# Can you put new plywood decking over the existing plywood?



## Roofmaster417

In my opinion it would be a waste of money and add a ridiculous amount of weight.I believe a single sheet of 7/16" OSB weighs in at around 50lbs.
Multiply that by 3 per sq.30sq.house equals about 90 sheets of plywood,multiply that by 50lbs.That adds an access of 4500lbs to your roof.Now if you are replacing your shingles with a 3 tab shingle,they weigh around 60lbs per bundle so thats 180 per sq.Multiply by 30 is 5400lbs.And that is for 25yr shingles.30yr obviously weigh more.The additional weight of the plywood alone comes close to the weight of a second layer.That is the last option I would choose.I have roofed the same homes over and over and never had a question pertaining to roofdeck life expectancy.Its your call but I would not choose that option.It has too many negatives than positives.But that is my opinion.


----------



## jmiller

We've only ever decked over 1x skip sheathing when shakes are removed. Standard 1x6 sheathing I'd just replace with 1x where needed, and _ply_ vs. _ply_ would be out of the question.

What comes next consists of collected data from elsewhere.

lemma has_integral_exp_neg_complex:
  fixes w :: complex
  assumes "Re w > 0"
  shows "((\<lambda>x::real. exp (- (w * of_real x))) has_integral 1 / w) {0<..}"
proof (rule has_integral_dominated_convergence)
  have w: "w \<noteq> 0"
    using assms by auto
  show "((\<lambda>x. if x \<in> {0<..real k} then exp (- (w * of_real x)) else 0) has_integral
          (1 - exp (- (w * of_real (real k)))) / w) {0<..}" for k
  proof -
    have "((\<lambda>x. - exp (- (w * x)) / w) has_vector_derivative exp (- (w * t))) (at t within {0..real k})" for t
      using w by (intro derivative_eq_intros has_complex_derivative_imp_has_vector_derivative[unfolded o_def] | simp)+
    then have "((\<lambda>x. exp (- (w * of_real x))) has_integral
                  - exp (- (w * of_real (real k))) / w - (- exp (- (w * of_real 0)) / w)) {0..real k}"
      by (intro fundamental_theorem_of_calculus) auto
    then have "((\<lambda>x. exp (- (w * of_real x))) has_integral (1 - exp (- (w * of_real (real k)))) / w) {0<..real k}"
      by (subst has_integral_spike_set_eq[of _ "{0..real k}"])
         (auto intro: negligible_subset[OF negligible_sing[of 0]] simp: diff_divide_distrib)
    then show ?thesis
      by (subst has_integral_restrict) auto
  qed
  show "(\<lambda>x. exp (- (Re w * x))) integrable_on {0<..}"
    using has_integral_exp_neg_real[OF assms] by blast
  show "\<forall>x\<in>{0<..}. norm (if x \<in> {0<..real k} then exp (- (w * of_real x)) else 0) \<le> exp (- (Re w * x))" for k
    by auto
  show "\<forall>x\<in>{0<..}. (\<lambda>k. if x \<in> {0<..real k} then exp (- (w * of_real x)) else 0) \<longlonglongrightarrow> exp (- (w * of_real x))"
  proof
    fix x :: real
    assume "x \<in> {0<..}"
    then have "\<forall>\<^sub>F k in sequentially. (if x \<in> {0<..real k} then exp (- (w * of_real x)) else 0) = exp (- (w * of_real x))"
      by (auto intro: eventually_sequentiallyI[of "nat \<lceil>x\<rceil>"])
    then show "(\<lambda>k. if x \<in> {0<..real k} then exp (- (w * of_real x)) else 0) \<longlonglongrightarrow> exp (- (w * of_real x))"
      by (rule tendsto_eventually)
  qed
  have "(\<lambda>k. exp (- (Re w * real k))) \<longlonglongrightarrow> 0"
    using assms by real_asymp
  then have "(\<lambda>k. exp (- (w * of_real (real k)))) \<longlonglongrightarrow> 0"
    by (subst tendsto_norm_zero_iff[symmetric]) simp
  from tendsto_divide[OF tendsto_diff[OF tendsto_const[of 1] this] tendsto_const[of w]] w
  show "(\<lambda>k. (1 - exp (- (w * of_real (real k)))) / w) \<longlonglongrightarrow> 1 / w"
    by simp
qed

lemma has_integral_suminf_dominated:
  fixes f :: "nat \<Rightarrow> 'a::euclidean_space \<Rightarrow> 'b::euclidean_space"
    and g :: "nat \<Rightarrow> 'a \<Rightarrow> real"
  assumes f: "\<And>n. (f n has_integral I n) S"
    and g: "\<And>n. (g n has_integral J n) S"
    and f_le_g: "\<And>n x. x \<in> S \<Longrightarrow> norm (f n x) \<le> g n x"
    and g_summable: "\<And>x. x \<in> S \<Longrightarrow> summable (\<lambda>n. g n x)"
    and J_summable: "summable J"
  shows "summable I" and "((\<lambda>x. \<Sum>n. f n x) has_integral (\<Sum>n. I n)) S"
proof -
  have g_nonneg: "0 \<le> g n x" if "x \<in> S" for n x
    using f_le_g[OF that] norm_ge_zero order_trans by blast
  have I_le_J: "norm (I n) \<le> J n" for n
  proof -
    have "norm (integral S (f n)) \<le> integral S (g n)"
      using f g f_le_g by (intro integral_norm_bound_integral) auto
    then show ?thesis
      by (simp add: integral_unique[OF f] integral_unique[OF g])
  qed
  then show I_summable: "summable I"
    using J_summable by (metis summable_comparison_test')
  have partial_g: "((\<lambda>x. \<Sum>n<k. g n x) has_integral (\<Sum>n<k. J n)) S" for k
    using g by (rule has_integral_sum[OF finite_lessThan])
  have "((\<lambda>x. \<Sum>n. g n x) has_integral (\<Sum>n. J n)) S"
    using partial_g
  proof (rule has_integral_monotone_convergence_increasing)
    show "(\<Sum>n<k. g n x) \<le> (\<Sum>n<Suc k. g n x)" if "x \<in> S" for k x
      using g_nonneg[OF that] by simp
    show "(\<lambda>k. \<Sum>n<k. g n x) \<longlonglongrightarrow> (\<Sum>n. g n x)" if "x \<in> S" for x
      using g_summable[OF that] by (rule summable_LIMSEQ)
    show "(\<lambda>k. \<Sum>n<k. J n) \<longlonglongrightarrow> (\<Sum>n. J n)"
      using J_summable by (rule summable_LIMSEQ)
  qed
  then have G_integrable: "(\<lambda>x. \<Sum>n. g n x) integrable_on S"
    by blast
  show "((\<lambda>x. \<Sum>n. f n x) has_integral (\<Sum>n. I n)) S"
  proof (rule has_integral_dominated_convergence[OF _ G_integrable])
    show "((\<lambda>x. \<Sum>n<k. f n x) has_integral (\<Sum>n<k. I n)) S" for k
      using f by (rule has_integral_sum[OF finite_lessThan])
    show "\<forall>x\<in>S. norm (\<Sum>n<k. f n x) \<le> (\<Sum>n. g n x)" for k
    proof
      fix x
      assume x: "x \<in> S"
      have "norm (\<Sum>n<k. f n x) \<le> (\<Sum>n<k. g n x)"
        using f_le_g[OF x] by (intro sum_norm_le) auto
      also have "\<dots> \<le> (\<Sum>n. g n x)"
        using g_summable[OF x] g_nonneg[OF x] by (intro sum_le_suminf) auto
      finally show "norm (\<Sum>n<k. f n x) \<le> (\<Sum>n. g n x)" .
    qed
    show "\<forall>x\<in>S. (\<lambda>k. \<Sum>n<k. f n x) \<longlonglongrightarrow> (\<Sum>n. f n x)"
    proof
      fix x
      assume x: "x \<in> S"
      have "summable (\<lambda>n. f n x)"
        using g_summable[OF x] f_le_g[OF x] by (rule summable_comparison_test')
      then show "(\<lambda>k. \<Sum>n<k. f n x) \<longlonglongrightarrow> (\<Sum>n. f n x)"
        by (rule summable_LIMSEQ)
    qed
    show "(\<lambda>k. \<Sum>n<k. I n) \<longlonglongrightarrow> (\<Sum>n. I n)"
      using I_summable by (rule summable_LIMSEQ)
  qed
qed

lemma norm_pochhammer_div_fact_le:
  fixes v :: complex
  obtains B where "B > 0"
    and "\<And>m. m \<ge> 1 \<Longrightarrow> norm (pochhammer v (Suc m) / fact (Suc m)) \<le> B * real m powr (Re v - 1)"
proof -
  \<comment> \<open>\<open>rGamma_series v m = (v)\<^sub>m\<^sub>+\<^sub>1 / (m! m\<^sup>v)\<close> converges to \<open>1 / \<Gamma>(v)\<close>, hence is bounded\<close>
  have "Bseq (rGamma_series v)"
    using rGamma_series_LIMSEQ[of v] by (intro convergent_imp_Bseq) (auto simp: convergent_def)
  then obtain K where K: "K > 0" "\<And>m. norm (rGamma_series v m) \<le> K"
    by (auto simp: Bseq_def)
  have "norm (pochhammer v (Suc m) / fact (Suc m)) \<le> K * real m powr (Re v - 1)" if m: "m \<ge> 1" for m
  proof -
    have m_pos: "real m > 0"
      using m by simp
    have "pochhammer v (Suc m) = rGamma_series v m * (fact m * exp (v * of_real (ln (of_nat m))))"
      by (simp add: rGamma_series_def)
    moreover have "norm (exp (v * of_real (ln (real m)))) = real m powr Re v"
      using m_pos by (simp add: powr_def)
    ultimately have "norm (pochhammer v (Suc m)) = norm (rGamma_series v m) * (fact m * real m powr Re v)"
      by (simp add: norm_mult)
    also have "\<dots> \<le> K * (fact m * real m powr Re v)"
      by (intro mult_right_mono K) simp
    finally have "norm (pochhammer v (Suc m) / fact (Suc m)) \<le> K * (fact m * real m powr Re v) / fact (Suc m)"
      by (simp add: norm_divide divide_right_mono del: fact_Suc)
    also have "\<dots> = K * real m powr Re v / (real m + 1)"
    proof -
      have "(fact (Suc m) :: real) = (real m + 1) * fact m"
        by simp
      then show ?thesis
        by (simp del: fact_Suc)
    qed
    also have "\<dots> \<le> K * real m powr Re v / real m"
      using K m_pos by (intro divide_left_mono) auto
    also have "\<dots> = K * real m powr (Re v - 1)"
      using m_pos by (simp add: powr_diff)
    finally show ?thesis .
  qed
  with K that show ?thesis
    by blast
qed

Too easy to just rip the old stuff off :yes:


----------



## Slyfox

I have installed new plywood over existing numerous times with out problems.
The new plywood will be thinner than code because when combined with the existing you will still be exceeding sheathing requirements/codes.
Make sure your roofer staggers the new plywood joints so it off sets the existing.


----------



## Roofmaster417

Slyfox said:


> I have installed new plywood over existing numerous times with out problems.
> The new plywood will be thinner than code because when combined with the existing you will still be exceeding sheathing requirements/codes.
> Make sure your roofer staggers the new plywood joints so it off sets the existing.

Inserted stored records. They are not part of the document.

(* Let $Q\subset L^2(\mathbb{R})$ be bounded and $L^2$-equicontinuous, and let $\sigma>0$. Then \[ \lim_{\kappa\to\infty}\ \sup_{q\in Q}\ \|q\|_{E^\sigma_{\sigma,\kappa}}=0. \]
   Context: For $\sigma,s\in\mathbb{R}$ and $|\kappa|\ge1$, $\|q\|_{E^\sigma_{s,\kappa}}^2=\int\frac{|\kappa|^{2(s-\sigma)}|\xi|^{2\sigma}}{(4\kappa^2+\xi^2)^s}|\hat q(\xi)|^2\,d\xi$. $Q$ is $L^2$-equicontinuous if for every $\varepsilon>0$ there is $\eta>0$ with $\sup_{q\in Q}\sup_{|y|<\eta}\|q(\cdot+y)-q\|_{L^2}<\varepsilon$. *)

theory Defs
  imports "HOL-Analysis.Analysis"
begin

definition L2_space :: "(real \<Rightarrow> complex) set" where
  "L2_space = {q. q \<in> borel_measurable lborel \<and> integrable lborel (\<lambda>x. (norm (q x))\<^sup>2)}"

definition L2_norm :: "(real \<Rightarrow> complex) \<Rightarrow> real" where
  "L2_norm q = sqrt (LINT x|lborel. (norm (q x))\<^sup>2)"

definition fourier :: "(real \<Rightarrow> complex) \<Rightarrow> real \<Rightarrow> complex" where
  "fourier f \<xi> = complex_of_real (1 / sqrt (2 * pi)) *
      (LINT x|lborel. exp (- \<i> * complex_of_real (x * \<xi>)) * f x)"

Just for the heck of it,I am curious what was the reasoning in stacking the plywood over existing decking? I am confused with the logic with adding an additional amount of weight to the roof structure?


----------



## boman47k

Do you roofers think this should be a tear off and redecked if the existing is in good shape, even though this will be the 4th shingling?

And if it is covered with thinner decking on top of the existing, aren't you defeating the purpose of a new deck not to mention the extra weight? I mean will there be enough meat in the decking for the fasteners?

I guess that depends on the thickness of the new decking on top of the old?

Is it customary to replace decking on the 4th roofing?


----------



## Roofmaster417

boman47k said:


> Do you roofers think this should be a tear off and redecked if the existing is in good shape, even though this will be the 4th shingling?
> 
> And if it is covered with thinner decking on top of the existing, aren't you defeating the purpose of a new deck not to mention the extra weight? I mean will there be enough meat in the decking for the fasteners?
> 
> I guess that depends on the thickness of the new decking on top of the old?
> 
> Is it customary to replace decking on the 4th roofing?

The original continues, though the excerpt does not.